Microscopic cooling deformation measurement system based on sampling moiré and its application to CFRP

Research on the performance of Carbon Fiber Reinforced Polymer (CFRP) under low-temperature conditions is significant. This study developed a novel microscopic cooling deformation measurement system based on the sampling moiré method, the system integrates the advantages of the sampling moiré method for measurements and holistic design optimization for low-temperature environments. It features a simple process, high precision, and high stability, and is suitable for various materials. The system primarily consists of a cooling chamber, antifreeze circulation device, laser confocal microscope, and temperature controller, among other components. The temperature regulation range of the cooling platform spans from −40 °C to 150 °C. This study used CFRP [0°/90°/0°] as the specimen, and the constructed system was employed to measure microscopic deformation during cooling and heating processes. The results revealed that deformation along the CFRP's longitudinal direction is minimal, whereas, in the thickness direction, the 0° layer primarily dictates the deformation behavior.

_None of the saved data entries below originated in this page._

(* For compact convex K, L in the plane such that every projection of L onto a line contains
   a translate of the corresponding projection of K, we prove  |K| <= 3/2 |L|,  with equality
   for a triangle L and K = (L - L)/2.  Writing  D(X) = {x - y | x y. x : X, y : X}  for the
   difference body, the argument is the chain

        4 |K|  <=  |D(K)|  <=  |D(L)|  <=  6 |L|.

   The left inequality is the planar Brunn-Minkowski
   inequality for K and -K, proved by slicing and the one-dimensional inequality for differences
   of intervals.  The right inequality is the planar Rogers-Shephard inequality, obtained by
   integrating the covariogram x |-> |L \<inter> (L + x)| and bounding it from below on a cone over
   D(L).  The middle inclusion follows from the hypothesis, which makes the support function
   of D(K) at most that of D(L); when |L| = 0 both bodies lie on parallel lines.  Finally, for
   a triangle, D(L) contains an affine image of a hexagon of area 3, so |D(L)| = 6 |L|, and
   (L - L)/2 has the same projections as L up to translation. *)

definition difference_body :: "'a::real_vector set \<Rightarrow> 'a set" where
  "difference_body K = {x - y | x y. x \<in> K \<and> y \<in> K}"

lemma difference_body_UN: "difference_body K = (\<Union>x\<in>K. \<Union>y\<in>K. {x - y})"
  unfolding difference_body_def by blast

lemma compact_difference_body:
  fixes K :: "'a::real_normed_vector set"
  shows "compact K \<Longrightarrow> compact (difference_body K)"
  unfolding difference_body_def using compact_differences by blast

lemma convex_difference_body: "convex K \<Longrightarrow> convex (difference_body K)"
  unfolding difference_body_UN using convex_differences by fastforce

lemma difference_body_borel:
  fixes K :: "'a::euclidean_space set"
  shows "compact K \<Longrightarrow> difference_body K \<in> sets borel"
  by (simp add: borel_compact compact_difference_body)

lemma bounded_borel_lmeasurable:
  fixes S :: "'a::euclidean_space set"
  assumes "S \<in> sets borel" "bounded S"
  shows "S \<in> lmeasurable" "emeasure lborel S = ennreal (measure lebesgue S)"
proof -
  have "S \<in> sets lebesgue" using assms by (simp add: sets_completionI_sets)
  then show l: "S \<in> lmeasurable" using assms by (intro bounded_set_imp_lmeasurable)
  have "emeasure lborel S = emeasure lebesgue S" using assms by simp
  also have "\<dots> = ennreal (measure lebesgue S)" using l by (simp add: emeasure_eq_measure2)
  finally show "emeasure lborel S = ennreal (measure lebesgue S)" .
qed

lemma emeasure_compact_eq_measure:
  fixes S :: "'a::euclidean_space set"
  shows "compact S \<Longrightarrow> emeasure lborel S = ennreal (measure lebesgue S)"
  by (simp add: borel_compact bounded_borel_lmeasurable(2) compact_imp_bounded)

lemma emeasure_compact_finite:
  fixes S :: "'a::euclidean_space set"
  shows "compact S \<Longrightarrow> emeasure lborel S < \<infinity>"
  by (intro emeasure_bounded_finite compact_imp_bounded)

lemma emeasure_scaled_translate:
  fixes S :: "(real^2) set"
  assumes "compact S"
  shows "emeasure lborel ((\<lambda>z. m *\<^sub>R z + d) ` S) = ennreal (m^2) * emeasure lborel S"
proof -
  have c: "compact ((\<lambda>z. m *\<^sub>R z + d) ` S)"
    by (intro compact_continuous_image assms continuous_intros)
  have "emeasure lborel ((\<lambda>z. m *\<^sub>R z + d) ` S) = emeasure lebesgue ((\<lambda>z. m *\<^sub>R z + d) ` S)"
    using c by (simp add: borel_compact)
  also have "\<dots> = \<bar>m\<bar> ^ 2 * emeasure lebesgue S"
    using emeasure_lebesgue_affine[of m d S] by simp
  also have "\<dots> = ennreal (m^2) * emeasure lborel S"
    using assms by (simp add: borel_compact power2_abs ennreal_power)
  finally show ?thesis .
qed

definition pt :: "real \<Rightarrow> real \<Rightarrow> real^2" where
  "pt a s = a *\<^sub>R axis 1 1 + s *\<^sub>R axis 2 1"

lemma pt_nth [simp]: "pt a s $ 1 = a" "pt a s $ 2 = s"
  by (auto simp: pt_def axis_def)

lemma pt_measurable [measurable]: "(\<lambda>p. pt (fst p) (snd p)) \<in> borel_measurable borel"
  unfolding pt_def by (intro borel_measurable_continuous_onI continuous_intros)

lemma pt_diff: "pt a s - pt b t = pt (a - b) (s - t)"
  by (simp add: vec_eq_iff forall_2)

lemma pt_convex_comb: "pt a ((1 - u) * s + u * t) = (1 - u) *\<^sub>R pt a s + u *\<^sub>R pt a t"
  by (simp add: vec_eq_iff forall_2 algebra_simps)

lemma pt_norm: "\<bar>a\<bar> \<le> norm (pt a s)" "\<bar>s\<bar> \<le> norm (pt a s)"
  using component_le_norm_cart[of "pt a s" 1] component_le_norm_cart[of "pt a s" 2] by auto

The 0° layer consistently constrains the deformation of the 90° layer, and shear strain exhibits significant variations at the interface. This research presents the first application of the sampling moiré method in low-temperature deformation measurement. It elucidates the effects of varying temperatures on the interfacial mechanical properties of CFRP while demonstrating the suitability of the developed system for low-temperature microscopic deformation measurements of specimens.